Apple shaved some parts from the display in its largest new iPhone, helping keep costs under control in what has become the priciest component of its phones in recent years, according to a new cost analysis of the device.
TechInsights, an Ottawa, Ontario-based firm which rips open phones to analyse their contents and estimate the cost of the parts inside, said on Tuesday that the iPhone Xs Max with 256 gigabytes of storage capacity contains about $443 (roughly Rs. 32,200) in parts and assembly costs, compared with $395.44 (roughly Rs. 28,700) for the 64-gigabyte version of last year’s iPhone X. The 256-gigabyte iPhone Xs Max TechInsights analysed sells for $1,249 (roughly Rs. 90,700) in the United States.
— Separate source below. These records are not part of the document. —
definition simple_graph :: "'a set \<Rightarrow> ('a \<Rightarrow> 'a \<Rightarrow> bool) \<Rightarrow> bool" where
  "simple_graph V E \<longleftrightarrow> finite V \<and> (\<forall>x y. E x y \<longrightarrow> x \<in> V \<and> y \<in> V)
     \<and> (\<forall>x y. E x y \<longrightarrow> E y x) \<and> (\<forall>x. \<not> E x x)"

definition graph_perms :: "('a \<Rightarrow> 'a \<Rightarrow> bool) \<Rightarrow> 'a set \<Rightarrow> ('a \<Rightarrow> 'a) set" where
  "graph_perms E U = {\<pi>. \<pi> permutes U \<and> (\<forall>x\<in>U. \<pi> x = x \<or> E x (\<pi> x))}"

definition Z :: "('a \<Rightarrow> 'a \<Rightarrow> bool) \<Rightarrow> real \<Rightarrow> 'a set \<Rightarrow> real" where
  "Z E \<alpha> U = (\<Sum>\<pi>\<in>graph_perms E U. exp (- \<alpha> * real (card {x\<in>U. \<pi> x \<noteq> x})))"

definition sa_path :: "'a set \<Rightarrow> ('a \<Rightarrow> 'a \<Rightarrow> bool) \<Rightarrow> 'a list \<Rightarrow> bool" where
  "sa_path V E xs \<longleftrightarrow> xs \<noteq> [] \<and> distinct xs \<and> set xs \<subseteq> V
     \<and> (\<forall>i. Suc i < length xs \<longrightarrow> E (xs ! i) (xs ! Suc i))"

definition sa_cycle :: "'a set \<Rightarrow> ('a \<Rightarrow> 'a \<Rightarrow> bool) \<Rightarrow> 'a list \<Rightarrow> bool" where
  "sa_cycle V E xs \<longleftrightarrow> sa_path V E xs \<and> E (last xs) (hd xs)"

definition path_edges :: "'a list \<Rightarrow> nat" where
  "path_edges xs = length xs - 1"

definition cycle_edges :: "'a list \<Rightarrow> nat" where
  "cycle_edges xs = length xs"

end

theory Submission
  imports Defs "HOL-Combinatorics.Cycles"
begin

text \<open>Write \<open>s = exp (- \<alpha>)\<close> and \<open>t = s\<^sup>2\<close>. Among the graph permutations of \<open>U\<close> are those
  fixing the first vertex \<open>x\<close> of a path, which extend graph permutations of \<open>U - {x}\<close>, and those
  swapping \<open>x\<close> with its successor \<open>y\<close>, which extend graph permutations of \<open>U - {x, y}\<close>; hence
  \<open>Z(U) \<ge> Z(U - {x}) + t Z(U - {x, y})\<close>. Iterating along a path \<open>\<gamma>\<close> with \<open>n\<close> vertices gives
  \<open>Z(U - \<gamma>) J\<^sub>n\<^sub>+\<^sub>1(t) \<le> Z(U)\<close> for the Jacobsthal polynomials \<open>J\<close>, and \<open>J\<^sub>n\<^sub>+\<^sub>1(t) \<ge> \<surd>(1 + t)^(n - 1)\<close>.
  For a cycle \<open>a, b, \<dots>, c\<close> one may also swap \<open>a\<close> with \<open>c\<close> or rotate the whole cycle, so
  \<open>Z(U) \<ge> Z(U - {a}) + t Z(U - {a, b}) + t Z(U - {a, c}) + s\<^sup>n Z(U - \<gamma>)\<close>. Bounding the three
  path terms turns the right-hand side into \<open>(\<xi>\<^sup>n + \<zeta>\<^sup>n + s\<^sup>n) Z(U - \<gamma>)\<close>, with \<open>\<xi>, \<zeta>\<close> the roots
  of \<open>X\<^sup>2 = X + t\<close>, and \<open>\<xi> \<ge> \<surd>(1 + t)\<close>, \<open>|\<zeta>| \<le> s\<close>.\<close>

definition perm_weight :: "real \<Rightarrow> 'a set \<Rightarrow> ('a \<Rightarrow> 'a) \<Rightarrow> real" where
  "perm_weight \<alpha> U \<pi> = exp (- \<alpha>) ^ card {x\<in>U. \<pi> x \<noteq> x}"

lemma Z_eq_sum_perm_weight: "Z E \<alpha> U = (\<Sum>\<pi>\<in>graph_perms E U. perm_weight \<alpha> U \<pi>)"
  by (simp add: Z_def perm_weight_def exp_of_nat_mult[symmetric] mult.commute)

lemma perm_weight_nonneg: "perm_weight \<alpha> U \<pi> \<ge> 0"
  by (simp add: perm_weight_def)

lemma perm_weight_id [simp]: "perm_weight \<alpha> U id = 1"
  by (simp add: perm_weight_def)

lemma finite_graph_perms: "finite U \<Longrightarrow> finite (graph_perms E U)"
  by (rule finite_subset[OF _ finite_permutations[of U]]) (auto simp: graph_perms_def)

lemma id_in_graph_perms: "id \<in> graph_perms E U"
  by (simp add: graph_perms_def)

lemma Z_pos: "finite U \<Longrightarrow> Z E \<alpha> U > 0"
  unfolding Z_eq_sum_perm_weight
  by (rule sum_pos2[OF finite_graph_perms id_in_graph_perms]) (auto simp: perm_weight_def)

lemma Z_nonneg: "Z E \<alpha> U \<ge> 0"
  unfolding Z_eq_sum_perm_weight by (intro sum_nonneg perm_weight_nonneg)

lemma transpose_in_graph_perms:
  assumes "E x y" "E y x"
  shows "transpose x y \<in> graph_perms E {x, y}"
  using assms by (auto simp: graph_perms_def permutes_swap_id)

lemma perm_weight_transpose:
  "x \<noteq> y \<Longrightarrow> perm_weight \<alpha> {x, y} (transpose x y) = exp (- \<alpha>) ^ 2"
proof -
  assume "x \<noteq> y"
  then have "{z \<in> {x, y}. transpose x y z \<noteq> z} = {x, y}" by auto
  with \<open>x \<noteq> y\<close> show ?thesis by (simp add: perm_weight_def power2_eq_square)
qed

lemma cycle_of_list_along_edges:
  assumes "distinct xs" "successively E (xs @ [hd xs])" "x \<in> set xs"
  shows "E x (cycle_of_list xs x)"
proof -
  obtain i where i: "i < length xs" "x = xs ! i" using assms(3) by (metis in_set_conv_nth)
  have "cycle_of_list xs x = map (cycle_of_list xs) xs ! i" using i by simp
  also have "\<dots> = rotate1 xs ! i" using cyclic_rotation[OF assms(1), of 1] by simp
  also have "\<dots> = (xs @ [hd xs]) ! Suc i" using i by (cases xs) auto
  finally have "cycle_of_list xs x = (xs @ [hd xs]) ! Suc i" .
  moreover have "x = (xs @ [hd xs]) ! i" using i by (simp add: nth_append)
  ultimately show ?thesis using successively_nth[OF assms(2)] i by simp
qed

lemma cycle_of_list_in_graph_perms:
  "distinct xs \<Longrightarrow> successively E (xs @ [hd xs]) \<Longrightarrow> cycle_of_list xs \<in> graph_perms E (set xs)"
  by (auto simp: graph_perms_def cycle_permutes cycle_of_list_along_edges)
Apple released a trio of new phones earlier this month, including an update on last year’s iPhone X, called the iPhone Xs, that starts at $999 (roughly Rs. 72,500), and the budget-minded iPhone Xr that starts at $749 (roughly Rs. 54,400). But it was the iPhone Xs Max – with a 6.5-inch display that uses so-called OLED technology for richer colours – that pushed new pricing boundaries, starting at $1,099 (roughly Rs. 80,000).
In its cost analysis released on Tuesday, TechInsights found that the single priciest part in the iPhone Xs Max – the display – cost $80.50 (roughly Rs. 5,800), compared with $77.27 for last year’s iPhone X, which featured a smaller 5.8-inch screen. The relatively small increase in cost despite the larger screen size was because Apple appeared to have removed some components related to its so-called 3D Touch system, which makes apps respond differently depending on how hard users press the screen.
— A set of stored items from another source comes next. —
lemma bias_moment_bound:
  assumes "psd B"
  shows "bias_moment T B \<le>
    (mpow (mean_step_matrix \<alpha> \<beta> H) T *v bvec 0 (x0 - xs)) \<bullet> (B *v (mpow (mean_step_matrix \<alpha> \<beta> H) T *v bvec 0 (x0 - xs)))
    + (\<Sum>k<T. noise_kernel B (T - k - 1) * bias_moment k (block H H H H))"
  using assms
proof (induction T arbitrary: B)
  case 0
  then show ?case
    by (simp add: bias_moment_def sample.prob_space)
next
  case (Suc T)
  let ?A = "mean_step_matrix \<alpha> \<beta> H" and ?v = "bvec 0 (x0 - xs)"
  have "bias_moment (Suc T) B \<le> bias_moment T (transpose ?A ** B ** ?A) + noise_kernel B 0 * bias_moment T (block H H H H)"
    using bias_moment_step[OF Suc.prems] by (simp add: noise_kernel_def)
  also have "bias_moment T (transpose ?A ** B ** ?A) \<le>
      (mpow ?A (Suc T) *v ?v) \<bullet> (B *v (mpow ?A (Suc T) *v ?v))
      + (\<Sum>k<T. noise_kernel B (Suc T - k - 1) * bias_moment k (block H H H H))"
  proof -
    have "(mpow ?A T *v ?v) \<bullet> ((transpose ?A ** B ** ?A) *v (mpow ?A T *v ?v))
        = (mpow ?A (Suc T) *v ?v) \<bullet> (B *v (mpow ?A (Suc T) *v ?v))"
      unfolding inner_congruence by (simp only: mpow.simps(2) matrix_vector_mul_assoc)
    moreover have "(\<Sum>k<T. noise_kernel (transpose ?A ** B ** ?A) (T - k - 1) * bias_moment k (block H H H H))
        = (\<Sum>k<T. noise_kernel B (Suc T - k - 1) * bias_moment k (block H H H H))"
      by (intro sum.cong refl) (simp add: noise_kernel_congruence Suc_diff_Suc)
    ultimately show ?thesis
      using Suc.IH[OF psd_congruence[OF Suc.prems, of ?A]] by simp
  qed
  finally show ?case
    by (simp add: add.assoc)
qed

lemma tr_inner_bias_second_moment:
  "tr_inner B (\<integral>\<omega>. outer (\<theta> t \<omega>) (\<theta> t \<omega>) \<partial>P) = bias_moment t B"
proof -
  have "(\<lambda>\<omega>. outer (\<theta> t \<omega>) (\<theta> t \<omega>)) \<in> borel_measurable P"
    using borel_measurable_bias_PiM[of t UNIV]
    by (rule borel_measurable_continuous_on[rotated]) (auto simp: outer_def intro!: continuous_intros)
  then have "integrable P (\<lambda>\<omega>. outer (\<theta> t \<omega>) (\<theta> t \<omega>))"
    by (rule integrable_matI) (simp add: outer_def integrable_bias_prod)
  then show ?thesis
    unfolding tr_inner_eq_sum bias_moment_def inner_mult_vec_eq_sum
    by (simp add: integral_mat_nth outer_def integrable_bias_prod)
qed

end

theorem lemma8:
  fixes \<rho> :: "((real^'d) \<times> real) measure"
    and H :: "real^'d^'d" and L \<kappa> \<alpha> \<beta> :: real and x0 xs :: "real^'d"
  assumes prob: "prob_space \<rho>"
    and sets_rho: "sets \<rho> = sets borel"
    and mom_a: "integrable \<rho> (\<lambda>(a, b). (norm a)\<^sup>2)"
    and mom_b: "integrable \<rho> (\<lambda>(a, b). b\<^sup>2)"
    and H_def: "H = (\<integral>z. outer (fst z) (fst z) \<partial>\<rho>)"
    and H_inv: "invertible H"
    and L_eig: "\<exists>v. v \<noteq> 0 \<and> H *v v = L *\<^sub>R v"
    and L_max: "\<And>\<mu> v. v \<noteq> 0 \<Longrightarrow> H *v v = \<mu> *\<^sub>R v \<Longrightarrow> \<mu> \<le> L"
    and xs_min: "\<And>x. (1/2) * (\<integral>z. (x \<bullet> fst z - snd z)\<^sup>2 \<partial>\<rho>)
                     \<ge> (1/2) * (\<integral>z. (xs \<bullet> fst z - snd z)\<^sup>2 \<partial>\<rho>)"
    and kappa: "\<And>M::real^'d^'d. psd M \<Longrightarrow>
         integrable \<rho> (\<lambda>z. (fst z \<bullet> (M *v fst z)) *\<^sub>R outer (fst z) (fst z)) \<and>
         loewner_le (\<integral>z. (fst z \<bullet> (M *v fst z)) *\<^sub>R outer (fst z) (fst z) \<partial>\<rho>)
                    ((\<kappa> * mtrace (M ** H)) *\<^sub>R H)"
    and step: "0 < \<alpha>" "\<alpha> \<le> \<beta>" "\<beta> \<le> 1 / L"
  shows
    "let A = block (mat 1 - \<beta> *\<^sub>R H) (mat 1 - \<beta> *\<^sub>R H) (- (\<alpha> *\<^sub>R H)) (mat 1 - \<alpha> *\<^sub>R H);
         \<Upsilon> = block H H H H;
         \<N> = block ((\<beta>\<^sup>2) *\<^sub>R H) ((\<alpha> * \<beta>) *\<^sub>R H) ((\<alpha> * \<beta>) *\<^sub>R H) ((\<alpha>\<^sup>2) *\<^sub>R H);
         P = PiM UNIV (\<lambda>_::nat. \<rho>);
         f = (\<lambda>t. tr_inner \<Upsilon> (\<integral>\<omega>. outer (bias \<alpha> \<beta> x0 xs \<omega> t) (bias \<alpha> \<beta> x0 xs \<omega> t) \<partial>P));
         g = (\<lambda>s. \<kappa> * tr_inner \<Upsilon> (mpow A s ** \<N> ** transpose (mpow A s)))
     in \<forall>T::nat. f T \<le> min (1 / \<alpha>) (8 * (real T + 1) / \<beta>) * (norm (x0 - xs))\<^sup>2
                       + (\<Sum>k<T. g (T - k - 1) * f k)"
proof -
  interpret bias_process \<rho> H \<kappa> \<alpha> \<beta> x0 xs
    by (intro bias_process.intro feature_distribution.intro) (fact prob sets_rho mom_a H_def kappa)+
  have "0 < L"
  proof (rule ccontr)
    assume "\<not> 0 < L"
    then have "1 / L \<le> 0"
      by simp
    then show False
      using step by linarith
  qed
  then have "\<beta> * \<mu> \<le> 1" if "v \<noteq> 0" "H *v v = \<mu> *\<^sub>R v" for \<mu> v
    using L_max[OF that] step by (smt (verit) le_divide_eq mult_left_mono)
  then have mean: "(mpow (mean_step_matrix \<alpha> \<beta> H) T *v bvec 0 (x0 - xs)) \<bullet>
      (block H H H H *v (mpow (mean_step_matrix \<alpha> \<beta> H) T *v bvec 0 (x0 - xs)))
      \<le> min (1 / \<alpha>) ((real T + 1) / \<beta>) * (norm (x0 - xs))\<^sup>2" for T
    by (rule mean_bias_bound[OF psd_H _ step(1,2)])
  have "min (1 / \<alpha>) ((real T + 1) / \<beta>) * (norm (x0 - xs))\<^sup>2
      \<le> min (1 / \<alpha>) (8 * (real T + 1) / \<beta>) * (norm (x0 - xs))\<^sup>2" for T
    using step by (intro mult_right_mono min.mono) (simp_all add: divide_right_mono)
  then show ?thesis
    unfolding Let_def mean_step_matrix_def[symmetric] noise_matrix_eq_block[symmetric]
      tr_inner_bias_second_moment noise_kernel_def[symmetric]
    using bias_moment_bound[OF psd_block_all[OF psd_H]] mean
    by (smt (verit))
qed

end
“All told, what they took out adds up to about $10, so this $80 estimate would have been about $90,” Al Cowsky, who oversees cost analysis at TechInsights, told Reuters in an interview. “They had a trade-off in cost.”
Image: http://www.techinsights.com/techinsights/img/teardown/apple-iphone-xs/cost/table.jpg
Apple declined to comment on the study.
But Bob O’Donnell of TECHnalysis Research said Apple likely made the right decision to focus on ensuring it could deliver a larger-screened model this year economically.
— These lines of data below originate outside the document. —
lemma adjoint_scC: "adjointable T \<Longrightarrow> adjoint (scC c T) = scC (cnj c) (adjoint T)"
  by (rule adjoint_unique) (simp add: adjoint_right scC_left scC_right)

lemma adjoint_zero: "adjoint 0 = 0"
  by (rule adjoint_unique) simp

lemma adjointable_sum: "(\<And>i. i \<in> A \<Longrightarrow> adjointable (f i)) \<Longrightarrow> adjointable (sum f A)"
  by (induction A rule: infinite_finite_induct)
    (auto simp: adjointable_add intro: adjointableI[where S = 0])

lemma adjoint_sum:
  "(\<And>i. i \<in> A \<Longrightarrow> adjointable (f i)) \<Longrightarrow> adjoint (sum f A) = (\<Sum>i\<in>A. adjoint (f i))"
  by (induction A rule: infinite_finite_induct) (simp_all add: adjoint_zero adjoint_add adjointable_sum)

lemma comp_add_right: "adjointable T \<Longrightarrow> T \<circ> (X + Y) = (T \<circ> X) + (T \<circ> Y)"
  by (simp add: fun_eq_iff adjointable_add_apply)

lemma comp_uminus_right: "adjointable T \<Longrightarrow> T \<circ> (- X) = - (T \<circ> X)"
  by (simp add: fun_eq_iff adjointable_minus_apply)

lemma comp_scC_right: "adjointable T \<Longrightarrow> T \<circ> scC c X = scC c (T \<circ> X)"
  by (simp add: fun_eq_iff adjointable_scC_apply)

lemma comp_sum_right: "adjointable T \<Longrightarrow> T \<circ> sum f A = (\<Sum>i\<in>A. T \<circ> f i)"
  by (simp add: fun_eq_iff adjointable_sum_apply sum_fun_apply)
“For a certain group of people, the whole thing is about the screen. It’s driving the whole experience and it’s what is making people excited about using the phone,” O’Donnell said.
Other costs that increased were the phone’s processor and modem chips, primarily because the chips used newer chip-making techniques from Intel Corp and Taiwan Semiconductor Manufacturing Co to boost their performance while taking up the same space.